### Directions for this task
Present each line of the entries below that holds the word "assumes".

### Records to process
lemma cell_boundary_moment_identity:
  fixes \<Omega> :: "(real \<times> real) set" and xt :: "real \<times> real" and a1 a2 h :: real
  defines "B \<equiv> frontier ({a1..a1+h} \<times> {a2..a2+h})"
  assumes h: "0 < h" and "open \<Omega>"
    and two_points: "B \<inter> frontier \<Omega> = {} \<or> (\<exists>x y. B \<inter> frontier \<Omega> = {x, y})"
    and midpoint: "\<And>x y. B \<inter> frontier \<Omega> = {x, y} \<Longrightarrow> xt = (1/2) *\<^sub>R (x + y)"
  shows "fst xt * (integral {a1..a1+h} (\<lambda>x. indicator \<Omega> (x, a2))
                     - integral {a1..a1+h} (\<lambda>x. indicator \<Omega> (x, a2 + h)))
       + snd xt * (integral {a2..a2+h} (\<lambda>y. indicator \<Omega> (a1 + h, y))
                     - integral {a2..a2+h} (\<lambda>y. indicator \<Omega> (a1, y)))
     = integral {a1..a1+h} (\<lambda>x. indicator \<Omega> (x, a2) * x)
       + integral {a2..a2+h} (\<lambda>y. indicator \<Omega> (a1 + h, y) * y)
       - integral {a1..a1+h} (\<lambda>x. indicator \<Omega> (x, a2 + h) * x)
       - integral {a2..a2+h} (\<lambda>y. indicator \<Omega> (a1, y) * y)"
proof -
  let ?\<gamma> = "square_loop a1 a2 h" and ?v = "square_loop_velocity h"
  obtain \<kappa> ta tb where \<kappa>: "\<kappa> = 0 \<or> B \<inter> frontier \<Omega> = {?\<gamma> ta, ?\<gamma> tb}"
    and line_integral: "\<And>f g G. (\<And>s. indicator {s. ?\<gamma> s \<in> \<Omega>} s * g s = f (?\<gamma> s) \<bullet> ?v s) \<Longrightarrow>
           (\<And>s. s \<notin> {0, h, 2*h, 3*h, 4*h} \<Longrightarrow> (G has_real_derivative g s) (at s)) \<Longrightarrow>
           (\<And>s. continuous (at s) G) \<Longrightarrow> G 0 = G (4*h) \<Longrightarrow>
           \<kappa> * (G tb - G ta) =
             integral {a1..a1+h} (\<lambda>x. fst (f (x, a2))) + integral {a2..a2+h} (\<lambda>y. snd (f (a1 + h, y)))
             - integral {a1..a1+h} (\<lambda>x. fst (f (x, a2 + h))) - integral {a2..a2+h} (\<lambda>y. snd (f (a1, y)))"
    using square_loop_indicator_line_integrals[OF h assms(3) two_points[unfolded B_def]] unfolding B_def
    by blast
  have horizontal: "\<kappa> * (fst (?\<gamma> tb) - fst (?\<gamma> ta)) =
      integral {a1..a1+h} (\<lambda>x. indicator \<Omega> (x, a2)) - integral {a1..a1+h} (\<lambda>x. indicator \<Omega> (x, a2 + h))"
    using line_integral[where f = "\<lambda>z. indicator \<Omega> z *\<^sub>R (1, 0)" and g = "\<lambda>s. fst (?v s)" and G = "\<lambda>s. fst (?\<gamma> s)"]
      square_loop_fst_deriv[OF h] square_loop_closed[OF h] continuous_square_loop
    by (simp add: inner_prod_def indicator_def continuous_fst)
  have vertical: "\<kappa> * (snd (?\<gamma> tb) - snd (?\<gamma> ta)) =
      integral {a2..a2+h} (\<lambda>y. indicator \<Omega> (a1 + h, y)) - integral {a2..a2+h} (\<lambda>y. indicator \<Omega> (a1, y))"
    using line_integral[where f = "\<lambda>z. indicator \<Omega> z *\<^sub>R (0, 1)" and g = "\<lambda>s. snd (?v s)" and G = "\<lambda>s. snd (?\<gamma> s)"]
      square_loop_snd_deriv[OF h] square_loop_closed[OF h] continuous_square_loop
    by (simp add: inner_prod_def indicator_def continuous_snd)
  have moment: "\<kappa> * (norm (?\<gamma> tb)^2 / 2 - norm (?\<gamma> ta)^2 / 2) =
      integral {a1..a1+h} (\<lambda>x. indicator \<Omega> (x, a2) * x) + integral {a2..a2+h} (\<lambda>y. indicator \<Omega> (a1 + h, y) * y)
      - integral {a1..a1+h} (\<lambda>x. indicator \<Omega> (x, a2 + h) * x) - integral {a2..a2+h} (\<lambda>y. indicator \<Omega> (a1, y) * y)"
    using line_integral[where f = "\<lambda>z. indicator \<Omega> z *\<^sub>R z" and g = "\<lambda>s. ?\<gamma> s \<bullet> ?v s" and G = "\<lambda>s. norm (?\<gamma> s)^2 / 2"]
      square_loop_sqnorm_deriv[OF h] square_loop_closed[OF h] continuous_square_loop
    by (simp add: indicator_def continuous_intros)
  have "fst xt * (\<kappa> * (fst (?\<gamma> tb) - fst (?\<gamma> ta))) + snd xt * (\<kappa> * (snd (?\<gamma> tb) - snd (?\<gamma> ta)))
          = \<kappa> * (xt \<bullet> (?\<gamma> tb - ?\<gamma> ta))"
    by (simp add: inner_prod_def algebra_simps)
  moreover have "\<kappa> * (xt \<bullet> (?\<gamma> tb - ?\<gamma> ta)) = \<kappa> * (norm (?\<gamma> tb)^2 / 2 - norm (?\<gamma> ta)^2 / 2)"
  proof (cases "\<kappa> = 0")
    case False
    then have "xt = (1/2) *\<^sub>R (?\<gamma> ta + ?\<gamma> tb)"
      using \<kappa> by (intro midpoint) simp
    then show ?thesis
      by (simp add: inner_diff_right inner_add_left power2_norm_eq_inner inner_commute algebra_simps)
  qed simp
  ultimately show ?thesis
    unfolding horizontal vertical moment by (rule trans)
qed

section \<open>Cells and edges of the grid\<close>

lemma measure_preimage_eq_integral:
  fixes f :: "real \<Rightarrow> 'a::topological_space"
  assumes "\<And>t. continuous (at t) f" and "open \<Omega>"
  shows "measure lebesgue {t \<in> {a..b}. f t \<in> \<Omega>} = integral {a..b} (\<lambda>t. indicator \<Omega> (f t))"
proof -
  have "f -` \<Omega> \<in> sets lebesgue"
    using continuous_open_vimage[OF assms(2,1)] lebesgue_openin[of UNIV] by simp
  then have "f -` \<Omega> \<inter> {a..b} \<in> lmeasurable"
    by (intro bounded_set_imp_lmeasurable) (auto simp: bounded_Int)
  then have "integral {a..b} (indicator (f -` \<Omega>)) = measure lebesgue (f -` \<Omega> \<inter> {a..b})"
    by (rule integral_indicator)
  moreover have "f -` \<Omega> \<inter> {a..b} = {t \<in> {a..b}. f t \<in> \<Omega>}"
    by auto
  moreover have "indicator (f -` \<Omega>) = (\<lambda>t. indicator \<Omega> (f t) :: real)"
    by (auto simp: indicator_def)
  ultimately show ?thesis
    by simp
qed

### Reply
  assumes h: "0 < h" and "open \<Omega>"
  assumes "\<And>t. continuous (at t) f" and "open \<Omega>"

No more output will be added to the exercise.